Ingredients
Makes 15 modaks. Scale using the Modak Calculator. Tap any ingredient to tick it off.
Method
Roast the sesame seeds
In a heavy dry pan, roast sesame seeds on low-medium heat, stirring constantly, until they turn light golden and begin to pop — about 4–5 minutes. They will darken quickly, so watch carefully. Transfer immediately to a plate to cool.
Make the filling
In the same pan, melt jaggery with 2 tbsp water. Add coconut and cook 5–6 minutes until dry. Add roasted sesame seeds, cardamom, and dry ginger. Stir well. Add groundnut powder if using. Cook 2 more minutes. The mixture should be fragrant and dry. Cool completely.
Make the dough
Standard method: boil water with salt and ghee, add rice flour all at once, stir vigorously, rest 5 minutes covered, knead 2–3 minutes with greased hands.
Shape
20g dough portions (slightly smaller than usual, as the sesame filling is denser). Standard disc-and-pleat method — 4–5 pleats gathered to peak. The filling may feel stiffer than coconut-only — this is normal and actually makes shaping easier.
Steam 10–12 minutes
Steam on banana leaf at medium-high heat. The sesame filling generates slightly more steam than coconut-only, so lift the lid carefully. The shells will be translucent and the peaks firm when done.
Tips & Variations
Til (sesame) is the sacred ingredient of Makar Sankranti — the January harvest festival. Til modak is particularly appropriate as a Sankranti offering: the sesame honours the harvest, the modak shape honours Ganesha. Many Maharashtra families make til modak specifically for both Ganesh Chaturthi and Sankranti.

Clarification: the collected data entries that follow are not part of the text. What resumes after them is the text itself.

(* Let $n\ge 2$. In the $(n,2,2)$ scenario with detection post-selection, the set $\tilde{\mathcal{L}}$ of post-selected correlators achievable by LHV models is strictly larger than the convex hull of the deterministic correlators $\tilde p(1|\mathbf{s})=\delta^1_{g(\mathbf{s})}$, $g$ ranging over linear Boolean functions on $\mathbf{s}$; that is, some LHV model with detection yields a post-selected correlator outside this convex hull.
   Context: $(n,2,2)$ scenario with imperfect detection: party $j$ receives input $s_j\in\{0,1\}$ and outputs two bits, a detection bit $t_j\in\{0,1\}$ ($1$ = detected) and an outcome $m_j\in\{0,1\}$. An LHV model is $p(\mathbf{t},\mathbf{m}|\mathbf{s})=\int p(\lambda)d\lambda\prod_{j}p(t_j,m_j|s_j,\lambda)$. Detection post-selection keeps only runs with $\mathbf{t}=(1,\dots,1)$; the post-selected correlator is $\tilde p(1|\mathbf{s})=p(\bigoplus_j m_j=1\mid\mathbf{s},\mathbf{t}=(1,\dots,1))$ (defined when the conditioning event has positive probability). A linear Boolean function on $\mathbf{s}$ is $g(\mathbf{s})=\big(\bigoplus_j a_j s_j\big)\oplus b$ with $a_j,b\in\{0,1\}$; $\oplus$ is addition mod 2. *)

theory Defs
  imports "HOL-Probability.Probability"
begin

text \<open>Parties are indexed by j < n.
  Outputs of party j: a pair (t_j, m_j) :: bool \<times> bool, t_j = True meaning "detected".\<close>

definition inputs :: "nat \<Rightarrow> (nat \<Rightarrow> bool) set" where
  "inputs n = {s. \<forall>j. n \<le> j \<longrightarrow> s j = False}"

text \<open>An LHV model: hidden variable distribution P over lambda (taken to be nat-valued),
  and local response distributions r j lambda s_j = p(t_j, m_j | s_j, lambda).\<close>

definition lhv_joint ::
  "nat \<Rightarrow> nat pmf \<Rightarrow> (nat \<Rightarrow> nat \<Rightarrow> bool \<Rightarrow> (bool \<times> bool) pmf) \<Rightarrow> (nat \<Rightarrow> bool)
     \<Rightarrow> (nat \<Rightarrow> bool \<times> bool) pmf" where
  "lhv_joint n P r s = bind_pmf P (\<lambda>l. Pi_pmf {..<n} (False, False) (\<lambda>j. r j l (s j)))"

definition all_detected :: "nat \<Rightarrow> (nat \<Rightarrow> bool \<times> bool) set" where
  "all_detected n = {x. \<forall>j<n. fst (x j)}"

definition parity_one :: "nat \<Rightarrow> (nat \<Rightarrow> bool \<times> bool) set" where
  "parity_one n = {x. x \<in> all_detected n \<and> odd (card {j\<in>{..<n}. snd (x j)})}"

definition postsel_corr ::
  "nat \<Rightarrow> nat pmf \<Rightarrow> (nat \<Rightarrow> nat \<Rightarrow> bool \<Rightarrow> (bool \<times> bool) pmf) \<Rightarrow> (nat \<Rightarrow> bool) \<Rightarrow> real" where
  "postsel_corr n P r s =
     measure_pmf.prob (lhv_joint n P r s) (parity_one n) /
     measure_pmf.prob (lhv_joint n P r s) (all_detected n)"

definition lin_bool :: "nat \<Rightarrow> (nat \<Rightarrow> bool) \<Rightarrow> bool \<Rightarrow> (nat \<Rightarrow> bool) \<Rightarrow> bool" where
  "lin_bool n a b s = (odd (card {j\<in>{..<n}. a j \<and> s j}) \<noteq> b)"

definition det_corr :: "nat \<Rightarrow> (nat \<Rightarrow> bool) \<Rightarrow> bool \<Rightarrow> (nat \<Rightarrow> bool) \<Rightarrow> real" where
  "det_corr n a b s = (if lin_bool n a b s then 1 else 0)"

definition in_linear_hull :: "nat \<Rightarrow> ((nat \<Rightarrow> bool) \<Rightarrow> real) \<Rightarrow> bool" where
  "in_linear_hull n q \<longleftrightarrow>
     (\<exists>w :: (nat \<Rightarrow> bool) \<times> bool \<Rightarrow> real.
        (\<forall>ab \<in> inputs n \<times> UNIV. 0 \<le> w ab) \<and>
        (\<Sum>ab \<in> inputs n \<times> UNIV. w ab) = 1 \<and>
        (\<forall>s \<in> inputs n. q s = (\<Sum>(a,b) \<in> inputs n \<times> UNIV. w (a,b) * det_corr n a b s)))"

end

theory Submission
  imports Defs
begin

text \<open>Take the CHSH combination q(00) + q(10) + q(01) - q(11) of a correlator q on the
  inputs where only the first two parties may receive 1. A deterministic linear correlator
  is 0/1-valued with q(11) = q(00) xor q(10) xor q(01), so the combination is at most 2,
  and by linearity the same bound holds on the convex hull. Post-selection breaks it:
  with a hidden variable uniform on five values, party 0 (resp. 1) clicks with outcome 1
  for two of them but refuses to be detected on input 1; the fifth value yields outcome 0
  for everyone. The post-selected correlator is 4/5, 2/3, 2/3, 0, with combination 32/15.\<close>

definition chsh :: "((nat \<Rightarrow> bool) \<Rightarrow> real) \<Rightarrow> (nat \<Rightarrow> bool) \<Rightarrow> (nat \<Rightarrow> bool) \<Rightarrow> (nat \<Rightarrow> bool)
    \<Rightarrow> (nat \<Rightarrow> bool) \<Rightarrow> real" where
  "chsh q s00 s10 s01 s11 = q s00 + q s10 + q s01 - q s11"

lemma chsh_le_if_in_linear_hull:
  assumes "in_linear_hull n q"
    and "s00 \<in> inputs n" "s10 \<in> inputs n" "s01 \<in> inputs n" "s11 \<in> inputs n"
    and bound: "\<And>a b. a \<in> inputs n \<Longrightarrow> chsh (det_corr n a b) s00 s10 s01 s11 \<le> c"
  shows "chsh q s00 s10 s01 s11 \<le> c"
proof -
  let ?I = "inputs n \<times> (UNIV :: bool set)"
  obtain w where w_nonneg: "\<forall>ab \<in> ?I. 0 \<le> w ab" and w_sum: "(\<Sum>ab \<in> ?I. w ab) = 1"
    and q_eq: "\<forall>s \<in> inputs n. q s = (\<Sum>(a,b) \<in> ?I. w (a,b) * det_corr n a b s)"
    using assms(1) unfolding in_linear_hull_def by blast
  have "chsh q s00 s10 s01 s11 = (\<Sum>(a,b) \<in> ?I. w (a,b) * chsh (det_corr n a b) s00 s10 s01 s11)"
    using q_eq assms(2-5)
    by (simp add: chsh_def case_prod_beta sum.distrib sum_subtractf algebra_simps)
  also have "\<dots> \<le> (\<Sum>(a,b) \<in> ?I. w (a,b) * c)"
    using w_nonneg bound by (intro sum_mono) (auto intro: mult_left_mono)
  also have "\<dots> = c"
    using w_sum by (simp add: case_prod_beta sum_distrib_right[symmetric])
  finally show ?thesis .
qed

definition two_party_input :: "bool \<Rightarrow> bool \<Rightarrow> nat \<Rightarrow> bool" where
  "two_party_input x y = (\<lambda>j. (j = 0 \<and> x) \<or> (j = 1 \<and> y))"

lemma two_party_input_in_inputs: "2 \<le> n \<Longrightarrow> two_party_input x y \<in> inputs n"
  by (auto simp: two_party_input_def inputs_def)

lemma card_support_two_party_input:
  assumes "2 \<le> n"
  shows "card {j \<in> {..<n}. a j \<and> two_party_input x y j} =
           of_bool (a 0 \<and> x) + of_bool (a 1 \<and> y)"
proof -
  have "{j \<in> {..<n}. a j \<and> two_party_input x y j} =
          (if a 0 \<and> x then {0} else {}) \<union> (if a 1 \<and> y then {1} else {})"
    using assms by (auto simp: two_party_input_def)
  then show ?thesis by auto
qed

lemma chsh_det_corr_le_2:
  assumes "2 \<le> n"
  shows "chsh (det_corr n a b) (two_party_input False False) (two_party_input True False)
           (two_party_input False True) (two_party_input True True) \<le> 2"
  unfolding chsh_def det_corr_def lin_bool_def card_support_two_party_input[OF assms]
  by (cases "a 0"; cases "a 1"; cases b) auto

lemma lhv_joint_return_pmf:
  "lhv_joint n P (\<lambda>j l b. return_pmf (f j l b)) s =
     map_pmf (\<lambda>l j. if j \<in> {..<n} then f j l (s j) else (False, False)) P"
  unfolding lhv_joint_def map_pmf_def by simp

definition model_response :: "nat \<Rightarrow> nat \<Rightarrow> bool \<Rightarrow> bool \<times> bool" where
  "model_response j l x =
     (if j = 0 \<and> l < 2 \<or> j = 1 \<and> 2 \<le> l \<and> l < 4 then (\<not> x, True) else (True, False))"

definition model_hidden :: "nat pmf" where
  "model_hidden = pmf_of_set {0..<5}"

definition model_local :: "nat \<Rightarrow> nat \<Rightarrow> bool \<Rightarrow> (bool \<times> bool) pmf" where
  "model_local j l x = return_pmf (model_response j l x)"

definition model_outcome :: "nat \<Rightarrow> (nat \<Rightarrow> bool) \<Rightarrow> nat \<Rightarrow> nat \<Rightarrow> bool \<times> bool" where
  "model_outcome n s l = (\<lambda>j. if j \<in> {..<n} then model_response j l (s j) else (False, False))"

lemma prob_model:
  "measure_pmf.prob (lhv_joint n model_hidden model_local s) X =
     card ({0..<5} \<inter> model_outcome n s -` X) / 5"
proof -
  have "lhv_joint n model_hidden model_local s = map_pmf (model_outcome n s) model_hidden"
    unfolding model_local_def model_outcome_def by (rule lhv_joint_return_pmf)
  then have "measure_pmf.prob (lhv_joint n model_hidden model_local s) X =
               measure_pmf.prob model_hidden (model_outcome n s -` X)"
    by simp
  also have "\<dots> = card ({0..<5} \<inter> model_outcome n s -` X) / card {0..<5::nat}"
    unfolding model_hidden_def by (rule measure_pmf_of_set) auto
  finally show ?thesis by simp
qed

lemma model_outcome_all_detected_iff:
  assumes "2 \<le> n"
  shows "model_outcome n s l \<in> all_detected n \<longleftrightarrow>
           (l < 2 \<longrightarrow> \<not> s 0) \<and> (2 \<le> l \<and> l < 4 \<longrightarrow> \<not> s 1)"
proof -
  have "model_outcome n s l \<in> all_detected n \<longleftrightarrow> (\<forall>j<n. fst (model_response j l (s j)))"
    by (simp add: all_detected_def model_outcome_def)
  also have "\<dots> \<longleftrightarrow> (\<forall>j\<in>{0, 1}. fst (model_response j l (s j)))"
    using assms by (auto simp: model_response_def)
  finally show ?thesis by (auto simp: model_response_def)
qed

lemma model_outcome_ones:
  assumes "2 \<le> n"
  shows "{j \<in> {..<n}. snd (model_outcome n s l j)} =
           (if l < 2 then {0} else if l < 4 then {1} else {})"
  using assms by (auto simp: model_outcome_def model_response_def)

lemma model_detected_hidden_values:
  assumes "2 \<le> n"
  shows "{0..<5} \<inter> model_outcome n s -` all_detected n =
           (if s 0 then {} else {0, 1}) \<union> (if s 1 then {} else {2, 3}) \<union> {4}"
  using model_outcome_all_detected_iff[OF assms] by auto

lemma model_parity_one_hidden_values:
  assumes "2 \<le> n"
  shows "{0..<5} \<inter> model_outcome n s -` parity_one n =
           (if s 0 then {} else {0, 1}) \<union> (if s 1 then {} else {2, 3})"
  using model_outcome_all_detected_iff[OF assms] model_outcome_ones[OF assms]
  by (auto simp: parity_one_def)

lemma model_detection_pos:
  "2 \<le> n \<Longrightarrow> measure_pmf.prob (lhv_joint n model_hidden model_local s) (all_detected n) > 0"
  by (simp add: prob_model model_detected_hidden_values)

lemma chsh_model:
  assumes "2 \<le> n"
  shows "chsh (postsel_corr n model_hidden model_local)
           (two_party_input False False) (two_party_input True False)
           (two_party_input False True) (two_party_input True True) = 32 / 15"
  using assms
  by (simp add: chsh_def postsel_corr_def prob_model model_detected_hidden_values
      model_parity_one_hidden_values two_party_input_def)

theorem proposition4p1p1:
  fixes n :: nat
  assumes "n \<ge> 2"
  shows "\<exists>(P :: nat pmf) (r :: nat \<Rightarrow> nat \<Rightarrow> bool \<Rightarrow> (bool \<times> bool) pmf).
           (\<forall>s \<in> inputs n. measure_pmf.prob (lhv_joint n P r s) (all_detected n) > 0) \<and>
           \<not> in_linear_hull n (postsel_corr n P r)"
proof (intro exI conjI ballI notI)
  show "measure_pmf.prob (lhv_joint n model_hidden model_local s) (all_detected n) > 0" for s
    using model_detection_pos[OF assms] .
next
  assume "in_linear_hull n (postsel_corr n model_hidden model_local)"
  then have "chsh (postsel_corr n model_hidden model_local)
               (two_party_input False False) (two_party_input True False)
               (two_party_input False True) (two_party_input True True) \<le> 2"
    using assms by (auto intro!: chsh_le_if_in_linear_hull two_party_input_in_inputs chsh_det_corr_le_2)
  then show False
    using chsh_model[OF assms] by simp
qed

end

Black sesame seeds can replace half or all of the white sesame for a dramatically different visual result — the filling turns almost black with a more intense, slightly bitter flavour. Beautiful and bold.
The sesame-jaggery-peanut combination in this filling is essentially the same as til ladoo — the Sankranti sweet. Some cooks make a large batch of til ladoo mixture and use half for ladoos and half for modaks. Logical, efficient, and delicious.
Sesame seeds are rich in calcium, iron, and healthy fats. At 168 kcal per modak with 4g protein and 2.8g fibre, til modak is the most nutritionally dense of the traditional steamed varieties.
About This Recipe
Sesame — til in Hindi and Marathi, ellu in Tamil and Kannada — is one of the oldest cultivated oilseeds in India, with a history stretching back to the Indus Valley Civilisation. It appears in the Rigveda as a sacred ingredient. It is used in Ayurvedic medicine for its warming properties. It is the essential ingredient of Makar Sankranti.
Til modak brings sesame into the Ganesha tradition — not as a stranger, but as a food with its own ancient sacred credentials. The combination of sesame and jaggery is one of the oldest in Indian cooking, predating the British period by millennia. Together they create a filling that is darker, more complex, and more warming than coconut-jaggery alone.
In winter — when Ganesh Chaturthi and Sankashti Chaturthi observances continue monthly and sesame is at peak quality — til modak is the modak of choice for many Maharashtra households. The warming quality of sesame is not just culinary preference: in Ayurveda, sesame is considered heating (ushna in nature), making it the appropriate food for cold months.